**ACTION ITEM:**
Each line of the data must be reproduced as it appears.

**INPUT FOR THIS TASK:**
definition octagon_a :: "nat \<Rightarrow> real^3" where
  "octagon_a k = [vector [oct_p, oct_r, oct_r], vector [oct_p, -oct_r, -oct_r],
     vector [-oct_p, oct_r, -oct_r], vector [-oct_p, -oct_r, oct_r],
     vector [-oct_q, -oct_s, oct_s], vector [-oct_q, oct_s, -oct_s],
     vector [oct_q, -oct_s, -oct_s], vector [oct_q, oct_s, oct_s]] ! k"

definition octagon_b :: "nat \<Rightarrow> real^3" where
  "octagon_b k = [vector [-oct_q, -oct_s, -oct_s], vector [-oct_q, oct_s, oct_s],
     vector [-oct_q, oct_s, -oct_s], vector [-oct_q, -oct_s, oct_s],
     vector [-oct_p, oct_r, -oct_r], vector [-oct_p, -oct_r, oct_r],
     vector [-oct_p, -oct_r, -oct_r], vector [-oct_p, oct_r, oct_r]] ! k"

lemma sqrt_2_less_2: "sqrt 2 < (2::real)"
  by (rule real_less_lsqrt) simp_all

lemma octagon_coordinate_products:
  "oct_p * oct_p = (3 - sqrt 2) / 7" "oct_q * oct_q = (3 + sqrt 2) / 7"
  "oct_r * oct_r = (4 + sqrt 2) / 14" "oct_s * oct_s = (4 - sqrt 2) / 14"
  "oct_p * oct_q = sqrt 7 / 7" "oct_q * oct_p = sqrt 7 / 7"
  "oct_r * oct_s = sqrt 2 * sqrt 7 / 14" "oct_s * oct_r = sqrt 2 * sqrt 7 / 14"
proof -
  show "oct_p * oct_p = (3 - sqrt 2) / 7" "oct_q * oct_q = (3 + sqrt 2) / 7"
    "oct_r * oct_r = (4 + sqrt 2) / 14" "oct_s * oct_s = (4 - sqrt 2) / 14"
    using sqrt_2_less_2 by (simp_all add: oct_p_def oct_q_def oct_r_def oct_s_def)
  have "oct_p * oct_q = sqrt (7 / 49)"
    by (simp add: oct_p_def oct_q_def real_sqrt_mult[symmetric] field_simps)
  then show "oct_p * oct_q = sqrt 7 / 7" "oct_q * oct_p = sqrt 7 / 7"
    by (simp_all add: real_sqrt_divide real_div_sqrt mult.commute)
  have "oct_r * oct_s = sqrt (14 / 196)"
    by (simp add: oct_r_def oct_s_def real_sqrt_mult[symmetric] field_simps)
  then show "oct_r * oct_s = sqrt 2 * sqrt 7 / 14" "oct_s * oct_r = sqrt 2 * sqrt 7 / 14"
    by (simp_all add: real_sqrt_divide real_sqrt_mult[symmetric] real_div_sqrt mult.commute)
qed

lemma less_8_cases:
  "i < (8::nat) \<Longrightarrow> i = 0 \<or> i = 1 \<or> i = 2 \<or> i = 3 \<or> i = 4 \<or> i = 5 \<or> i = 6 \<or> i = 7"
  by arith

lemmas octagon_inner_simps =
  octagon_a_def octagon_b_def inner_vec_def sum_3 octagon_coordinate_products

lemma octagon_unit:
  "i < 8 \<Longrightarrow> norm (octagon_a i) = 1 \<and> norm (octagon_b i) = 1"
  by (drule less_8_cases) (auto simp: norm_eq_1 octagon_inner_simps field_simps)

lemma octagon_inner_ab:
  assumes "i < 8"
  shows "octagon_a i \<bullet> octagon_b i \<noteq> 1"
proof -
  have "(sqrt 7 * (1 + sqrt 2))\<^sup>2 = 7 * (3 + 2 * sqrt 2)"
    by (simp add: power_mult_distrib power2_sum)
  then have "(sqrt 7 * (1 + sqrt 2))\<^sup>2 < 7\<^sup>2"
    using sqrt_2_less_2 by simp
  then have bound: "sqrt 7 * (1 + sqrt 2) < 7"
    by (rule power2_less_imp_less) simp
  have "0 \<le> sqrt 7" "0 \<le> sqrt 2 * sqrt 7"
    by simp_all
  then have "7 * (octagon_a i \<bullet> octagon_b i) \<le> sqrt 7 * (1 + sqrt 2)"
    using less_8_cases[OF assms]
    by (elim disjE) (simp add: octagon_inner_simps field_simps; linarith)+
  with bound show ?thesis by auto
qed

lemma octagon_pairs:
  "i < 8 \<Longrightarrow> j < 8 \<Longrightarrow> i \<noteq> j \<Longrightarrow>
    (octagon_a i \<bullet> octagon_a j) * (octagon_b i \<bullet> octagon_b j) = -1/7"
  by (drule less_8_cases, drule less_8_cases, elim disjE)
    (simp_all add: octagon_inner_simps, simp_all add: field_simps)

lemma tight_simplex_8: "tight_simplex 2 8 (\<lambda>k. pair_proj (octagon_a k) (octagon_b k))"
  by (rule tight_simplex_pair_proj) (simp_all add: octagon_unit octagon_inner_ab octagon_pairs)

theorem theorem6p8:
  shows "(\<exists>P :: nat \<Rightarrow> real^4^4. tight_simplex 2 7 P) \<and>
         (\<exists>P :: nat \<Rightarrow> real^4^4. tight_simplex 2 8 P)"
  using tight_simplex_7 tight_simplex_8 by blast

end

**OUTPUT OF THE EXERCISE:**
definition octagon_a :: "nat \<Rightarrow> real^3" where
  "octagon_a k = [vector [oct_p, oct_r, oct_r], vector [oct_p, -oct_r, -oct_r],
     vector [-oct_p, oct_r, -oct_r], vector [-oct_p, -oct_r, oct_r],
     vector [-oct_q, -oct_s, oct_s], vector [-oct_q, oct_s, -oct_s],
     vector [oct_q, -oct_s, -oct_s], vector [oct_q, oct_s, oct_s]] ! k"

definition octagon_b :: "nat \<Rightarrow> real^3" where
  "octagon_b k = [vector [-oct_q, -oct_s, -oct_s], vector [-oct_q, oct_s, oct_s],
     vector [-oct_q, oct_s, -oct_s], vector [-oct_q, -oct_s, oct_s],
     vector [-oct_p, oct_r, -oct_r], vector [-oct_p, -oct_r, oct_r],
     vector [-oct_p, -oct_r, -oct_r], vector [-oct_p, oct_r, oct_r]] ! k"

lemma sqrt_2_less_2: "sqrt 2 < (2::real)"
  by (rule real_less_lsqrt) simp_all

lemma octagon_coordinate_products:
  "oct_p * oct_p = (3 - sqrt 2) / 7" "oct_q * oct_q = (3 + sqrt 2) / 7"
  "oct_r * oct_r = (4 + sqrt 2) / 14" "oct_s * oct_s = (4 - sqrt 2) / 14"
  "oct_p * oct_q = sqrt 7 / 7" "oct_q * oct_p = sqrt 7 / 7"
  "oct_r * oct_s = sqrt 2 * sqrt 7 / 14" "oct_s * oct_r = sqrt 2 * sqrt 7 / 14"
proof -
  show "oct_p * oct_p = (3 - sqrt 2) / 7" "oct_q * oct_q = (3 + sqrt 2) / 7"
    "oct_r * oct_r = (4 + sqrt 2) / 14" "oct_s * oct_s = (4 - sqrt 2) / 14"
    using sqrt_2_less_2 by (simp_all add: oct_p_def oct_q_def oct_r_def oct_s_def)
  have "oct_p * oct_q = sqrt (7 / 49)"
    by (simp add: oct_p_def oct_q_def real_sqrt_mult[symmetric] field_simps)
  then show "oct_p * oct_q = sqrt 7 / 7" "oct_q * oct_p = sqrt 7 / 7"
    by (simp_all add: real_sqrt_divide real_div_sqrt mult.commute)
  have "oct_r * oct_s = sqrt (14 / 196)"
    by (simp add: oct_r_def oct_s_def real_sqrt_mult[symmetric] field_simps)
  then show "oct_r * oct_s = sqrt 2 * sqrt 7 / 14" "oct_s * oct_r = sqrt 2 * sqrt 7 / 14"
    by (simp_all add: real_sqrt_divide real_sqrt_mult[symmetric] real_div_sqrt mult.commute)
qed

lemma less_8_cases:
  "i < (8::nat) \<Longrightarrow> i = 0 \<or> i = 1 \<or> i = 2 \<or> i = 3 \<or> i = 4 \<or> i = 5 \<or> i = 6 \<or> i = 7"
  by arith

lemmas octagon_inner_simps =
  octagon_a_def octagon_b_def inner_vec_def sum_3 octagon_coordinate_products

lemma octagon_unit:
  "i < 8 \<Longrightarrow> norm (octagon_a i) = 1 \<and> norm (octagon_b i) = 1"
  by (drule less_8_cases) (auto simp: norm_eq_1 octagon_inner_simps field_simps)

lemma octagon_inner_ab:
  assumes "i < 8"
  shows "octagon_a i \<bullet> octagon_b i \<noteq> 1"
proof -
  have "(sqrt 7 * (1 + sqrt 2))\<^sup>2 = 7 * (3 + 2 * sqrt 2)"
    by (simp add: power_mult_distrib power2_sum)
  then have "(sqrt 7 * (1 + sqrt 2))\<^sup>2 < 7\<^sup>2"
    using sqrt_2_less_2 by simp
  then have bound: "sqrt 7 * (1 + sqrt 2) < 7"
    by (rule power2_less_imp_less) simp
  have "0 \<le> sqrt 7" "0 \<le> sqrt 2 * sqrt 7"
    by simp_all
  then have "7 * (octagon_a i \<bullet> octagon_b i) \<le> sqrt 7 * (1 + sqrt 2)"
    using less_8_cases[OF assms]
    by (elim disjE) (simp add: octagon_inner_simps field_simps; linarith)+
  with bound show ?thesis by auto
qed

lemma octagon_pairs:
  "i < 8 \<Longrightarrow> j < 8 \<Longrightarrow> i \<noteq> j \<Longrightarrow>
    (octagon_a i \<bullet> octagon_a j) * (octagon_b i \<bullet> octagon_b j) = -1/7"
  by (drule less_8_cases, drule less_8_cases, elim disjE)
    (simp_all add: octagon_inner_simps, simp_all add: field_simps)

lemma tight_simplex_8: "tight_simplex 2 8 (\<lambda>k. pair_proj (octagon_a k) (octagon_b k))"
  by (rule tight_simplex_pair_proj) (simp_all add: octagon_unit octagon_inner_ab octagon_pairs)

theorem theorem6p8:
  shows "(\<exists>P :: nat \<Rightarrow> real^4^4. tight_simplex 2 7 P) \<and>
         (\<exists>P :: nat \<Rightarrow> real^4^4. tight_simplex 2 8 P)"
  using tight_simplex_7 tight_simplex_8 by blast

end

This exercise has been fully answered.